Everyone knows what a mortgage is, but not everyone knows how a reverse mortgage works. A reverse mortgage is a loan taken against the equity of a home. It is a very specialized type of loan that is not the best fit for everyone. Reverse mortgages are reserved for homeowners that are 55 and older. The homeowner and lender will agree on an amount for the reverse mortgage, and this loan will have no monthly payments. The loan will be paid as a lump sum when the homeowner sells the home or passes away. Reverse mortgages are commonly reserved for homeowners hoping to supplement their retirement income because their largest asset is their home.
Should You Get a Reverse Mortgage?
As stated above, a reverse mortgage is built for a very specific group of people. Understanding what you are looking for, what getting a reverse mortgage means, and possibly exploring other loan options is a great way to determine if a reverse mortgage is right for you. Here are some helpful things to note about a reverse mortgage:
What Type of Loan Is It?
Reverse mortgages act like typical loans because the reverse mortgage also requires a lender. Most reverse mortgages are done through the Home Equity Conversion Mortgage (HECM), insured by the Federal Housing Administration. Many factors will go into how large of a loan you can be given but are predominantly affected by your age, home value, and how much equity you have in the home.
In 2022, the FHA raised the reverse mortgage limits to $970,800. This is the maximum a lender can estimate your home value as the national HUD HECM limit. There are rarely any reverse mortgages that high because reverse mortgages are generally less than 80% of a home’s value. To qualify for the maximum loan, you would have to be an ideal candidate with a home valued upwards of $1.028 million. Lenders will often offer a larger loan the older you are and if you have considerable equity in your home.
Reverse Mortgages are Reserved for a Primary Residence
Reverse mortgages can only be done on a primary residence. Reverse mortgages cannot be taken out on investment or vacation homes. This means that the homeowner must live more than six months out of the year at this home.
You Are Still Responsible for Other Home Fees
Taking a reverse mortgage out does not mean you are no longer responsible for your home. Fees associated with owning a home, such as a homeowner’s insurance and property tax, still need to be paid. If your lender believes you will run into financial issues in the future, they may take it upon themselves to reserve a part of the reverse mortgage for paying these fees.

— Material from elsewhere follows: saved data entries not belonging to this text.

text \<open>Where \<open>J\<close> enters: for a maximal minor \<open>\<Delta>\<close> of \<open>M4\<close>, Cramer's rule makes \<open>\<Delta>\<close> times the
  identity of \<open>C\<close> factor through \<open>M4\<close>; combined with the splitting \<open>A\<^sub>3 = C \<oplus> L\<close> this
  makes \<open>\<Delta> s\<close> times the identity of \<open>A\<^sub>3\<close> factor through \<open>d\<^sub>3\<close>.\<close>

lemma minor_mult_in_I:
  assumes cramer: "\<forall>u. \<exists>z. \<forall>j<nc. \<Delta> * u j = vec_mat n2 z M4 j"
    and s: "\<forall>l<n3. s * Eta l = vec_mat n2 \<psi> D3 l"
  shows "in_I (\<Delta> * s)"
proof -
  obtain zf where zf: "\<And>u j. j < nc \<Longrightarrow> \<Delta> * u j = vec_mat n2 (zf u) M4 j" using cramer by metis
  define g where "g l0 = vec_mat n2 (zf (\<lambda>j. Iota l0 j)) D3" for l0
  define t where "t l0 = (\<Sum>l<n3. g l0 l * Lv l)" for l0
  define H3 where "H3 l0 b = s * zf (\<lambda>j. Iota l0 j) b - t l0 * \<psi> b + Lv l0 * \<Delta> * \<psi> b" for l0 b
  have "(\<Delta> * s) * id_mat l0 l = mat_mul n2 H3 D3 l0 l" if l0: "l0 < n3" and l: "l < n3" for l0 l
  proof -
    have "vec_mat n3 (g l0) Iota j = \<Delta> * Iota l0 j" if "j < nc" for j
      using zf[OF that, of "\<lambda>j. Iota l0 j"] by (simp add: g_def vec_mat_mat_mul M4_def)
    then have "vec_mat nc (vec_mat n3 (g l0) Iota) Kap l = \<Delta> * mat_mul nc Iota Kap l0 l"
      unfolding vec_mat_def mat_mul_def by (simp add: sum_distrib_left mult.assoc)
    also have "mat_mul nc Iota Kap l0 l = id_mat l0 l - Lv l0 * Eta l"
      using Iota_Kap_Lv_Eta[OF l0 l] by (simp add: eq_diff_eq)
    finally have gl: "g l0 l = \<Delta> * (id_mat l0 l - Lv l0 * Eta l) + t l0 * Eta l"
      using row_decomposition[OF l, of "g l0"] by (simp add: t_def)
    have "mat_mul n2 H3 D3 l0 l = s * g l0 l - t l0 * vec_mat n2 \<psi> D3 l + Lv l0 * \<Delta> * vec_mat n2 \<psi> D3 l"
      unfolding mat_mul_def H3_def g_def vec_mat_def
      by (simp add: algebra_simps sum.distrib sum_subtractf sum_distrib_left)
    also have "\<dots> = (\<Delta> * s) * id_mat l0 l"
      using s[rule_format, OF l, symmetric] unfolding gl by (simp add: algebra_simps)
    finally show ?thesis by simp
  qed
  then show ?thesis by (intro in_I_if_scalar_factors_through_D3) blast
qed

lemma minor_ideal_mult_in_I:
  assumes "j \<in> minor_ideal n2 nc M4" and s: "\<forall>l<n3. s * Eta l = vec_mat n2 \<psi> D3 l"
  shows "in_I (j * s)"
  using assms(1) unfolding minor_ideal_def
proof (induction rule: ideal_gen_induct)
  case zero
  show ?case unfolding in_I_def by (intro exI[of _ "\<lambda>_. 0"]) simp
next
  case (add a b)
  then show ?case by (simp add: distrib_right in_I_add)
next
  case (base c \<Delta>)
  then obtain \<sigma> where "\<Delta> = det_nat nc (\<lambda>i j. M4 (\<sigma> i) j)" "\<sigma> ` {..<nc} \<subseteq> {..<n2}"
    by (auto simp: max_minors_def)
  then have "in_I (\<Delta> * s)" using minor_mult_in_row_space minor_mult_in_I[OF _ s] by metis
  then show ?case using in_I_mult[of "\<Delta> * s" c] by (simp add: mult.assoc)
qed

lemma minor_ideal_mult_in_row_space:
  assumes "j \<in> minor_ideal n2 nc M4"
  shows "\<exists>x. \<forall>i<nc. j * y i = vec_mat n2 x M4 i"
  using assms unfolding minor_ideal_def
proof (induction rule: ideal_gen_induct)
  case zero
  show ?case by (intro exI[of _ "\<lambda>_. 0"]) (simp add: vec_mat_def)
next
  case (add a b)
  then obtain x x' where "\<forall>i<nc. a * y i = vec_mat n2 x M4 i" "\<forall>i<nc. b * y i = vec_mat n2 x' M4 i"
    by blast
  then show ?case by (intro exI[of _ "\<lambda>b. x b + x' b"]) (simp add: vec_mat_add distrib_right)
next
  case (base c \<Delta>)
  then obtain \<sigma> where "\<Delta> = det_nat nc (\<lambda>i j. M4 (\<sigma> i) j)" "\<sigma> ` {..<nc} \<subseteq> {..<n2}"
    by (auto simp: max_minors_def)
  then obtain z where "\<forall>j<nc. \<Delta> * y j = vec_mat n2 z M4 j" using minor_mult_in_row_space by blast
  then show ?case
    by (intro exI[of _ "\<lambda>b. c * z b"]) (simp add: vec_mat_def sum_distrib_left mult.assoc)
qed

text \<open>Here \<open>grade J \<ge> 4\<close> is used: \<open>J s \<subseteq> I\<close>, and \<open>A\<close> resolves \<open>R/I\<close>, so the comparison
  with a resolution of \<open>R/J\<close> applies.\<close>

lemma in_I_if_eta_multiple_in_im_dual_D3:
  assumes noeth: "noetherian_ring TYPE('a)" and grade: "4 \<le> grade (minor_ideal n2 nc M4)"
    and s: "\<forall>l<n3. s * Eta l = vec_mat n2 \<psi> D3 l"
  shows "in_I s"
proof -
  have "\<exists>x. \<forall>i<1. s = mat_vec n1 D1 x i"
  proof (rule in_image_if_ideal_multiples_in_image[where ?m4.0 = 0])
    show "\<And>i. i < 4 \<Longrightarrow> ext_zero (minor_ideal n2 nc M4) i"
      using ext_zero_of_grade_ge[of 4] grade by (simp add: numeral_eq_enat)
    show "exact_at n2 n3 0 D3 (\<lambda>_ _. 0)"
      using D3_inj by (simp add: exact_at_def mat_vec_def)
    show "\<exists>x. \<forall>i<1. j * s = mat_vec n1 D1 x i" if "j \<in> minor_ideal n2 nc M4" for j
      using minor_ideal_mult_in_I[OF that s] by (auto simp: in_I_def mat_vec_def)
  qed (use noeth exact_A1 exact_A2 D1_D2 D2_D3 in \<open>auto simp: minor_ideal_def is_ideal_ideal_gen\<close>)
  then show ?thesis by (auto simp: in_I_def mat_vec_def)
qed

text \<open>The same chase, applied to the exact complex \<open>B\<close>, makes \<open>\<delta>\<^sub>4\<^sup>* = tr M4\<close> surjective;
  so \<open>M4\<close> has a left inverse and \<open>J\<close> is the unit ideal.\<close>

lemma minor_ideal_eq_UNIV_if_ext_zero_4:
  assumes noeth: "noetherian_ring TYPE('a)" and grade: "4 \<le> grade (minor_ideal n2 nc M4)"
    and ext4: "ext_zero (minor_ideal n2 nc M4) 4"
  shows "minor_ideal n2 nc M4 = UNIV"
proof -
  have surj: "\<exists>x. \<forall>i<nc. y i = mat_vec n2 (tr M4) x i" for y
  proof (rule in_image_if_ideal_multiples_in_image)
    show "\<And>i. i < 4 \<Longrightarrow> ext_zero (minor_ideal n2 nc M4) i"
      using ext_zero_of_grade_ge[of 4] grade by (simp add: numeral_eq_enat)
    show "exact_at nc n2 (n1 + n1) (tr M4) M2"
      by (rule exact_at_tr_M4) (use in_I_if_eta_multiple_in_im_dual_D3[OF noeth grade] in blast)
    show "\<exists>x. \<forall>i<nc. j * y i = mat_vec n2 (tr M4) x i" if "j \<in> minor_ideal n2 nc M4" for j
      using minor_ideal_mult_in_row_space[OF that, of y]
      by (simp add: mat_vec_def vec_mat_def tr_def mult.commute)
  qed (use noeth ext4 exact_at_M2 exact_at_M3 M4_inj tr_M4_M2 M2_M3 M3_M4
      in \<open>auto simp: minor_ideal_def is_ideal_ideal_gen\<close>)
  have "\<forall>j\<in>{..<nc}. \<exists>x. \<forall>i<nc. unit_vec j i = mat_vec n2 (tr M4) x i" using surj by blast
  then obtain xf where xf: "\<And>j i. j < nc \<Longrightarrow> i < nc \<Longrightarrow> unit_vec j i = mat_vec n2 (tr M4) (xf j) i"
    by (metis lessThan_iff)
  have "1 \<in> minor_ideal n2 nc M4"
  proof (rule one_in_minor_ideal_if_left_inverse)
    fix i j assume "i < nc" "j < nc"
    then show "mat_mul n2 (\<lambda>j b. xf j b) M4 i j = id_mat i j"
      using xf[of i j] by (cases "i = j") (simp_all add: mat_mul_def mat_vec_def tr_def unit_vec_def id_mat_def mult.commute)
  qed
  then show ?thesis unfolding minor_ideal_def by (rule ideal_gen_eq_UNIV)
qed

end

definition lin_fun_of :: "nat \<Rightarrow> (nat \<Rightarrow> 'a::comm_ring_1) \<Rightarrow> (nat \<Rightarrow> 'a) \<Rightarrow> 'a" where
  "lin_fun_of n w = (\<lambda>u. if u \<in> vecs n then (\<Sum>a<n. u a * w a) else 0)"

lemma linear_expand:
  fixes \<phi> :: "(nat \<Rightarrow> 'a::comm_ring_1) \<Rightarrow> 'a"
  assumes add: "\<forall>u\<in>vecs n. \<forall>v\<in>vecs n. \<phi> (\<lambda>i. u i + v i) = \<phi> u + \<phi> v"
    and hom: "\<forall>s. \<forall>u\<in>vecs n. \<phi> (smul s u) = s * \<phi> u"
    and f: "f \<in> vecs n"
  shows "\<phi> f = (\<Sum>b<n. f b * \<phi> (unit_vec b))"
proof -
  have "\<phi> (trunc_vec k f) = (\<Sum>b<k. f b * \<phi> (unit_vec b))" if "k \<le> n" for k
    using that
  proof (induction k)
    case 0
    have "trunc_vec 0 f = smul 0 (\<lambda>_. 0::'a)" by (simp add: trunc_vec_def smul_def)
    then show ?case using hom by simp
  next
    case (Suc k)
    have "trunc_vec (Suc k) f = (\<lambda>i. trunc_vec k f i + smul (f k) (unit_vec k) i)"
      by (auto simp: trunc_vec_def smul_def unit_vec_def fun_eq_iff less_Suc_eq)
    moreover have "trunc_vec k f \<in> vecs n"
      using Suc.prems by (auto simp: trunc_vec_def vecs_def)
    moreover have "smul (f k) (unit_vec k) \<in> vecs n"
      using Suc.prems by simp
    ultimately show ?case using add hom Suc by simp
  qed
  from this[of n] show ?thesis using f by (simp add: trunc_vec_id)
qed

lemma lin_fun_expand: "\<phi> \<in> lin_fun n \<Longrightarrow> u \<in> vecs n \<Longrightarrow> \<phi> u = (\<Sum>b<n. u b * \<phi> (unit_vec b))"
  by (rule linear_expand) (auto simp: lin_fun_def)

lemma lin_fun_of_in_lin_fun: "lin_fun_of n w \<in> lin_fun n"
  unfolding lin_fun_def lin_fun_of_def
  by (auto simp: distrib_right sum.distrib smul_def sum_distrib_left mult.assoc smul_in_vecs[unfolded smul_def])

lemma lin_fun_of_unit_vec: "a < n \<Longrightarrow> lin_fun_of n w (unit_vec a) = w a"
  by (simp add: lin_fun_of_def sum_unit_vec_left)

lemma lin_fun_eq_lin_fun_of:
  assumes "\<phi> \<in> lin_fun n"
  shows "\<phi> = lin_fun_of n (\<lambda>b. \<phi> (unit_vec b))"
proof
  fix u show "\<phi> u = lin_fun_of n (\<lambda>b. \<phi> (unit_vec b)) u"
    using lin_fun_expand[OF assms, of u] assms by (cases "u \<in> vecs n") (auto simp: lin_fun_of_def lin_fun_def)
qed

lemma lin_fun_of_eq_iff: "lin_fun_of n w = lin_fun_of n w' \<longleftrightarrow> (\<forall>a<n. w a = w' a)"
proof (intro iffI allI impI)
  fix a assume "lin_fun_of n w = lin_fun_of n w'" "a < n"
  then have "lin_fun_of n w (unit_vec a) = lin_fun_of n w' (unit_vec a)" by simp
  then show "w a = w' a" using \<open>a < n\<close> by (simp add: lin_fun_of_unit_vec)
qed (auto simp: lin_fun_of_def fun_eq_iff intro: sum.cong)

lemma zero_in_lin_fun: "(\<lambda>_. 0) \<in> lin_fun n"
  by (simp add: lin_fun_def)

lemma all_less_add_iff: "(\<forall>i<a + (b::nat). Q i) \<longleftrightarrow> (\<forall>i<a. Q i) \<and> (\<forall>j<b. Q (a + j))" (is "?L \<longleftrightarrow> ?R")
proof
  assume R: ?R
  show ?L
  proof (intro allI impI)
    fix i assume "i < a + b"
    then show "Q i" using R by (cases "i < a") (auto dest!: spec[of _ "i - a"])
  qed
qed auto

lemma lin_fun_of_eq_0_iff:
  fixes w :: "nat \<Rightarrow> 'a::comm_ring_1"
  shows "lin_fun_of n w = (\<lambda>_. 0) \<longleftrightarrow> (\<forall>a<n. w a = 0)"
proof -
  have "lin_fun_of n (\<lambda>_. 0) = (\<lambda>_. 0 :: 'a)" by (simp add: lin_fun_of_def fun_eq_iff)
  then show ?thesis using lin_fun_of_eq_iff[of n w "\<lambda>_. 0"] by simp
qed

section \<open>Exactness of \<open>B\<close>\<close>

locale B_complex = B_matrices n1 n2 n3 nc D1 D2 D3 T Iota Kap Lv Eta
  for n1 n2 n3 nc and D1 D2 D3 T Iota Kap :: "nat \<Rightarrow> nat \<Rightarrow> 'a::comm_ring_1" and Lv Eta +
  fixes p q :: nat and m12 :: "(nat \<Rightarrow> 'a) \<Rightarrow> (nat \<Rightarrow> 'a) \<Rightarrow> (nat \<Rightarrow> 'a)"
  assumes n1: "p + 2 = n1" and n2: "p + q = n2" and n3: "q - 1 = n3" and nc: "q - 2 = nc"
    and eta_m12: "\<And>e f. e \<in> vecs n1 \<Longrightarrow> f \<in> vecs n2 \<Longrightarrow> lin_form n3 Eta (m12 e f) = (\<Sum>a<n1. e a * mat_vec n2 T f a)"
begin

definition coords :: "((nat \<Rightarrow> 'a) \<Rightarrow> 'a) \<Rightarrow> (nat \<Rightarrow> 'a) \<Rightarrow> nat \<Rightarrow> 'a" where
  "coords \<phi> e = (\<lambda>i. if i < n1 then \<phi> (unit_vec i) else e (i - n1))"

lemma delta4_eq: "delta4 p q D3 Iota c = mat_app n2 nc M4 c"
proof -
  have "mat_vec n3 D3 (mat_app n3 nc Iota c) = mat_vec n3 D3 (mat_vec nc Iota c)"
    by (rule mat_vec_cong) (simp add: mat_app_eq_mat_vec)
  then have "mat_app n2 n3 D3 (mat_app n3 nc Iota c) = mat_app n2 nc M4 c"
    by (simp add: mat_app_eq_mat_vec[of n2] fun_eq_iff mat_vec_mat_mul M4_def)
  then show ?thesis unfolding delta4_def n2 n3 nc .
qed

lemma delta3_eq: "delta3 p q D2 m12 Eta f = (lin_fun_of n1 (mat_vec n2 T f), mat_app n1 n2 D2 f)"
  if "f \<in> vecs n2"
  using that unfolding delta3_def n1 n2 n3 by (auto simp: lin_fun_of_def eta_m12)

lemma delta2_eq:
  assumes \<phi>: "\<phi> \<in> lin_fun n1" and e: "e \<in> vecs n1"
  shows "delta2 p q D2 m12 Eta (\<phi>, e) = lin_fun_of n2 (mat_vec (n1 + n1) M2 (coords \<phi> e))"
proof -
  have "\<phi> (mat_app n1 n2 D2 f) + lin_form n3 Eta (m12 e f) = (\<Sum>b<n2. f b * mat_vec (n1 + n1) M2 (coords \<phi> e) b)"
    if f: "f \<in> vecs n2" for f
  proof -
    have "\<phi> (mat_app n1 n2 D2 f) = (\<Sum>a<n1. mat_app n1 n2 D2 f a * \<phi> (unit_vec a))"
      by (rule lin_fun_expand[OF \<phi> mat_app_in_vecs])
    also have "\<dots> = (\<Sum>a<n1. (\<Sum>b<n2. D2 a b * f b) * \<phi> (unit_vec a))"
      by (simp add: mat_app_def)
    also have "\<dots> = (\<Sum>b<n2. f b * (\<Sum>a<n1. D2 a b * \<phi> (unit_vec a)))"
      by (rule sum_mult_sum_swap)
    also have "\<dots> = (\<Sum>b<n2. f b * vec_mat n1 (coords \<phi> e) D2 b)"
      by (simp add: vec_mat_def coords_def mult.commute)
    finally have 1: "\<phi> (mat_app n1 n2 D2 f) = (\<Sum>b<n2. f b * vec_mat n1 (coords \<phi> e) D2 b)" .
    have "lin_form n3 Eta (m12 e f) = (\<Sum>a<n1. (\<Sum>b<n2. T a b * f b) * e a)"
      using eta_m12[OF e f] by (simp add: mat_vec_def mult.commute)
    also have "\<dots> = (\<Sum>b<n2. f b * (\<Sum>a<n1. T a b * e a))"
      by (rule sum_mult_sum_swap)
    also have "\<dots> = (\<Sum>b<n2. f b * vec_mat n1 (\<lambda>a. coords \<phi> e (n1 + a)) T b)"
      by (simp add: vec_mat_def coords_def mult.commute)
    finally show ?thesis
      using 1 by (simp add: M2_split distrib_left sum.distrib)
  qed
  then show ?thesis unfolding delta2_def n1 n2 n3 by (auto simp: lin_fun_of_def)
qed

There Are Options for Payments
You have options when it comes to receiving your payment. The four primary ways are:
Lump-Sum: Choosing this option means that you want to receive the payment upfront. You will receive slightly more than half of the sum when the loan is approved and the remainder in twelve months following the first payment. This method also allows for a fixed rate if you forgo the second half of the loan.
Tenure Payment: This option will provide you with monthly payments that have been agreed upon by you and your lender indefinitely. This type of plan generally ends when you leave home or pass away. It has an adjustable interest rate.
Term Payment: This option also has an adjustable interest rate, but payments are typically larger than the tenure payment. An agreed-upon amount of monthly payment AND time frame is discussed.
Credit line: This option is similar to a credit card, and you can draw on the loan as needed; and this method also uses an adjustable interest rate.
You also have the option to mix and match the above options.
High Age Requirement
Unlike most loans, a reverse mortgage has a high minimum age requirement. Up until 2021, homeowners had to be 62 to receive a reverse mortgage loan, and the age was recently changed to 55. Since reverse mortgage loans are reserved for older homeowners who would like to stay in their homes, it is not a viable loan option for younger people.
Should You Get a Reverse Mortgage?
The information above is far from sufficient to help you make this choice, but it can help you decide if you should consider it. Calling a lender or financial institution may be the best course of action if this article has piqued your interest.